Comments on the new administration and its policies dominated the latest survey from the Conference Board research institute. Import tariffs, imposed one day and suspended the next, prevent businesses and investors from planning ahead (the New York Stock Exchange has been in negative territory since Trump’s inauguration), and the unprecedented layoffs of federal government workers are putting pressure on the consumer psyche. This in turn could dampen consumer spending, which is the main driver of the economy. The Conference Board’s Consumer Confidence Index fell by 7 points to 98.3, the biggest drop since August 2021, with the third consecutive monthly decline pushing the index to its lowest level since June 2024. Although economists do not expect a recession for the time being, they expect very slow economic growth and high inflation for a long time. Average 12-month consumer inflation expectations jumped to 6%, the highest since May 2023.
Equity market news
The Central European region remains the favourite. Stock markets in the region remain cheap: while domestic and neighbouring stock prices are typically 6-7 times the estimated 2025 P/E, the average for emerging markets is above 12 (in the euro area this average multiple is close to 15 times and in the US it is more than 20 times). At the same time, the performance of Hungarian and Polish listed companies is improving, and the geopolitical outlook is also better, with peace talks finally starting and German elections perhaps on the horizon. And the improving outlook justifies a higher P/E multiple.

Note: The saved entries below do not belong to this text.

lemma g_mod_center_derivation_above_diagonal:
  assumes der: "is_derivation 10 (g_mod_center a b) D" and km: "1 \<le> k" "k < m" "m \<le> 10"
  shows "D k m = 0"
proof -
  note above = derivation_above_diagonal_zero[OF der g_mod_center_ad_e1_shift g_mod_center_filtered]
  show ?thesis
  proof (cases "m = 2")
    case True
    have "D 1 2 = 0"
      using is_derivationD[OF der, of 2 3 4, unfolded sum_1_10] above[of 5 4] above[of 6 4]
      by (simp add: g_mod_center_defs)
    moreover have "k = 1" "m = 2"
      using True km by simp_all
    ultimately show ?thesis by simp
  next
    case False
    with km show ?thesis using above by simp
  qed
qed

lemma g_mod_center_derivation_diagonal:
  assumes der: "is_derivation 10 (g_mod_center a b) D" and m: "1 \<le> m" "m \<le> 10"
  shows "D m m = real m * D 1 1"
proof -
  note diag = derivation_diagonal[OF der g_mod_center_ad_e1_shift g_mod_center_filtered]
  have "D 5 5 = D 2 2 + D 3 3"
    using is_derivationD[OF der, of 2 3 5, unfolded sum_1_10]
      g_mod_center_derivation_above_diagonal[OF der, of 5 6]
    by (simp add: g_mod_center_defs)
  then have "D 2 2 = 2 * D 1 1"
    using diag[of 5] diag[of 3] by simp
  then show ?thesis
    using m diag[of m] by (cases "m = 1") (simp_all add: algebra_simps)
qed

lemma g_mod_center_derivation_D11_constraints:
  assumes der: "is_derivation 10 (g_mod_center a b) D"
  shows "(3 * a + b) * D 1 1 = 0" and "(9 * a - 22 * b) * a * D 1 1 = 0"
proof -
  note E = is_derivationD[OF der, unfolded sum_1_10]
  have diag: "D m m = real m * D 1 1" if "2 \<le> m" "m \<le> 10" for m
    using g_mod_center_derivation_diagonal[OF der, of m] that by simp
  note entries = g_mod_center_defs g_mod_center_derivation_above_diagonal[OF der] diag
  (* e_ijk is the e_k-coefficient of D[e_i,e_j] = [D e_i, e_j] + [e_i, D e_j]. *)
  have e135: "D 5 4 = D 4 3 + D 2 1" using E[of 1 3 5] by (simp add: entries)
  have e146: "D 6 5 = D 5 4 + D 2 1" using E[of 1 4 6] by (simp add: entries)
  have e157: "D 7 6 = D 6 5 - D 2 1" using E[of 1 5 7] by (simp add: entries)
  have e168: "D 8 7 = D 7 6 - 3 * D 2 1" using E[of 1 6 8] by (simp add: entries)
  have e179: "D 9 8 = D 8 7 - 2 * D 2 1" using E[of 1 7 9] by (simp add: entries)
  have e125: "D 5 3 = D 4 2 - D 3 1" using E[of 1 2 5] by (simp add: entries)
  have e136: "D 6 4 = D 5 3 + a * D 2 1" using E[of 1 3 6] by (simp add: entries)
  have e147: "D 7 5 = D 6 4 + a * D 2 1 + 2 * D 3 1" using E[of 1 4 7] by (simp add: entries)
  have e158: "D 8 6 = D 7 5 + (a - b) * D 2 1 + 2 * D 3 1" using E[of 1 5 8] by (simp add: entries)
  have e169: "D 9 7 = D 8 6 + (a - 2 * b) * D 2 1 - D 3 1" using E[of 1 6 9] by (simp add: entries)
  have e236: "D 6 5 + a * D 1 1 = D 4 3" using E[of 2 3 6] by (simp add: entries)
  have e348: "2 * D 8 7 + b * D 1 1 = 2 * D 5 4" using E[of 3 4 8] by (simp add: entries)
  have e237: "D 7 5 + a * D 7 6 + 2 * D 4 2 + D 5 3 = a * D 4 3" using E[of 2 3 7] by (simp add: entries)
  have e349: "2 * D 9 7 + b * D 9 8 + 3 * D 5 3 + D 6 4 = b * D 5 4" using E[of 3 4 9] by (simp add: entries)
  have D21: "2 * D 2 1 = - a * D 1 1"
    using e135 e146 e236 by linarith
  have b_D11: "b * D 1 1 = 6 * D 2 1"
    using e135 e146 e157 e168 e348 by linarith
  have D42_a: "4 * D 4 2 = - 3 * a * D 2 1"
    using e135 e146 e157 e125 e136 e147 e237 by algebra
  have D42_b: "6 * D 4 2 + (9 * a - 11 * b) * D 2 1 = 0"
    using e135 e146 e157 e168 e179 e125 e136 e147 e158 e169 e349 by algebra
  show "(3 * a + b) * D 1 1 = 0"
    using D21 b_D11 by (simp add: algebra_simps)
  show "(9 * a - 22 * b) * a * D 1 1 = 0"
    using D21 D42_a D42_b by algebra
qed

lemma g_mod_center_derivation_D11_zero:
  assumes der: "is_derivation 10 (g_mod_center a b) D" and ab: "(a, b) \<noteq> (0, 0)"
  shows "D 1 1 = 0"
proof (rule ccontr)
  assume "D 1 1 \<noteq> 0"
  with g_mod_center_derivation_D11_constraints[OF der]
  have "b = - 3 * a" "(9 * a - 22 * b) * a = 0" by auto
  then have "a = 0" by simp
  with \<open>b = - 3 * a\<close> ab show False by simp
qed

lemma g_mod_center_derivation_strictly_lower:
  assumes der: "is_derivation 10 (g_mod_center a b) D" and ab: "(a, b) \<noteq> (0, 0)"
  shows "strictly_lower 10 D"
  unfolding strictly_lower_def
proof (intro ballI impI)
  fix i j :: nat assume "i \<in> {1..10}" "j \<in> {1..10}" "i \<le> j"
  then show "D i j = 0"
    using g_mod_center_derivation_above_diagonal[OF der, of i j]
      g_mod_center_derivation_diagonal[OF der, of i] g_mod_center_derivation_D11_zero[OF der ab]
    by (cases "i = j") auto
qed

theorem proposition4p4:
  fixes \<alpha> \<beta> :: real
  shows "char_nilpotent 10 (quot_last (gstr \<alpha> \<beta>) 11) \<longleftrightarrow> (\<alpha>, \<beta>) \<noteq> (0, 0)"
proof
  assume char_nil: "char_nilpotent 10 (quot_last (gstr \<alpha> \<beta>) 11)"
  show "(\<alpha>, \<beta>) \<noteq> (0, 0)"
  proof
    assume "(\<alpha>, \<beta>) = (0, 0)"
    then have "is_derivation 10 (quot_last (gstr \<alpha> \<beta>) 11) grading_derivation"
      using is_derivation_grading_derivation[OF g_mod_center_00_graded] by simp
    then show False
      using char_nil grading_derivation_not_nilpotent[of 10] unfolding char_nilpotent_def by simp
  qed
next
  assume "(\<alpha>, \<beta>) \<noteq> (0, 0)"
  then show "char_nilpotent 10 (quot_last (gstr \<alpha> \<beta>) 11)"
    unfolding char_nilpotent_def
    using g_mod_center_derivation_strictly_lower strictly_lower_nilpotent by blast
qed

end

However, the outlook for the global equity market is more modest, with the MSCI World index covering most of the world’s equity markets broadly flat in the first two months of the year. Increased volatility on US stock markets and uncertainties surrounding US policy are prompting caution. By sector, communications services, industry, finance and healthcare could all perform above average, so money could continue to flow out of artificial intelligence, last year’s favourite, and into traditional value-based investments. Europe’s economies have been performing relatively poorly in recent times, which might be offset somewhat by European Commission President Ursula von der Leyen’s announcement of an EUR 800 billion military development programme to cover increased defence spending.
Bond market news
Tailwinds are strengthening: in the developed world, there is a growing argument for bond appreciation. In the US, President Trump seems committed to lowering inflation as oil prices fall: one of his key election slogans was “drill, baby, drill”, i.e. increasing domestic production, together with increasing supply from the OPEC oil cartel, would moderate price rises through lower transport costs, paving the way for lower interest rates. And Treasury Secretary Scott Bessent would cut budget spending (he is committed to achieving a 3% deficit) and would therefore like to see a lower 10-year yield level, for which the administration and the Fed could introduce additional measures. Thanks also to government determination, long yields fell from 4.8% in January to 4.3%.
In Europe, the continuing cycle of interest rate cuts could appreciate bonds that previously offered even higher yields. With the recent imposition of a 25% tariff in the US, the economic outlook for the eurozone remains gloomy and inflation low (2025 average inflation rate is expected to be close to the ECB’s 2% inflation target), so the ECB could support the recovery of the ‘old continent’ with a further 3×25 basis point cut in 2025. Central European government bonds, whose yield spreads have risen recently and are now cheaper, also have good prospects.
Alternative investments news
Last year’s positive performance was mainly attributable to the volatile rally in natural gas and gold. However, the former, which doubled last year due to the price shock of the Russia-Ukraine war, could also fall with the improvement in the geopolitical situation just as quickly as it rose. A similar thing could happen to gold, which has hit an all-time high (1 ounce cost USD 2,910 in early March), if there is no need for a safe haven. Global oil prices are also falling and are now below $ 70 per barrel (159 litres), a consequence of OPEC+’s production increase in April and the new US administration’s efforts to cut fuel prices, but a peace deal between Russia and Ukraine could also put downward pressure on the price of “black gold”.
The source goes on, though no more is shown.